Péteri acknowledges that the book took fifteen years to write, and this is reflected in some inconsistences of usage (Trotskii and Trotsky) and minor repetition. Those with a background in the UK labor movement would insist on “vanguard” rather than “avant-garde” for the Marxist-Leninist party, while the occasional Hungarianism remains. This reviewer was also puzzled by the determining role that the author gives to “demand-side abundance” yet his insistence in the Conclusion that Hungary was just another semi-periphery economy. One does not have to be an apologist for Erich Honecker to take the view that 90 percent state ownership of the economy under “real socialism” imposed a specific set of constraints.

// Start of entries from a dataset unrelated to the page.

definition pauli_channel :: "real \<Rightarrow> real \<Rightarrow> real \<Rightarrow> complex mat \<Rightarrow> complex mat" where
  "pauli_channel p1 p2 p3 \<rho> =
     complex_of_real p1 \<cdot>\<^sub>m (sigma1 * \<rho> * sigma1) +
     complex_of_real p2 \<cdot>\<^sub>m (sigma2 * \<rho> * sigma2) +
     complex_of_real p3 \<cdot>\<^sub>m (sigma3 * \<rho> * sigma3) +
     complex_of_real (1 - p1 - p2 - p3) \<cdot>\<^sub>m \<rho>"

text \<open>Von Neumann entropy S(rho) = - tr(rho log rho) = - sum over eigenvalues (counted with
  algebraic multiplicity, i.e. as roots of the characteristic polynomial) of
  lambda * ln lambda, with the convention 0 ln 0 = 0 (ln 0 = 0 in Isabelle).
  Eigenvalues of a Hermitian matrix are real, hence Re.\<close>
definition vn_entropy :: "complex mat \<Rightarrow> real" where
  "vn_entropy \<rho> = - (\<Sum>a \<in> {a. poly (char_poly \<rho>) a = 0}.
       real (order a (char_poly \<rho>)) * (Re a * ln (Re a)))"

end

theory Submission
  imports Defs "HOL-Real_Asymp.Real_Asymp"
begin

text \<open>
  A qubit state is \<rho> = (I + r1 \<sigma>1 + r2 \<sigma>2 + r3 \<sigma>3) / 2 with |r| \<le> 1; its eigenvalues are
  (1 \<plusminus> |r|) / 2, hence S(\<rho>) = ln 2 - G(|r|) with G(t) = ((1 + t) ln (1 + t) + (1 - t) ln (1 - t)) / 2.
  The Pauli channel multiplies r1, r2, r3 by 1 - 2 (p2 + p3), 1 - 2 (p1 + p3), 1 - 2 (p1 + p2),
  whose squares are at most 1 - p, so the Bloch radii s of T(\<rho>) and t of \<rho> satisfy
  s^2 \<le> (1 - p) t^2. Since G(t) / t^2 is nondecreasing on ]0, 1] (its derivative has the sign of
  t artanh t - 2 G(t) \<ge> 0), G(s) \<le> (s / t)^2 G(t) \<le> (1 - p) G(t), i.e.
  S(T(\<rho>)) - S(\<rho>) = G(t) - G(s) \<ge> p G(t).
\<close>

section \<open>The entropy deficit of a qubit\<close>

text \<open>The function G above, i.e. ln 2 minus the binary entropy of (1 + t) / 2.\<close>
definition entropy_deficit :: "real \<Rightarrow> real" where
  "entropy_deficit t = ((1 + t) * ln (1 + t) + (1 - t) * ln (1 - t)) / 2"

Nigel Swain is Honorary Senior Research Fellow in the Department of History at the University of Liverpool where he taught for over two and a half decades. His main academic research addresses the impacts of collectivisation and decollectivisation on rural labour and rural communities in socialist and post-socialist Eastern Europe, with a focus on Hungary. Beyond the rural sphere, he has published on Hungary’s model of “feasible socialism”, the politics of Hungary’s round table negotiations in 1989, conflicting narratives of victimhood surrounding Hungary’s Status Law of 2001 and the political, social and economic history of Eastern Europe from 1945 to EU accession.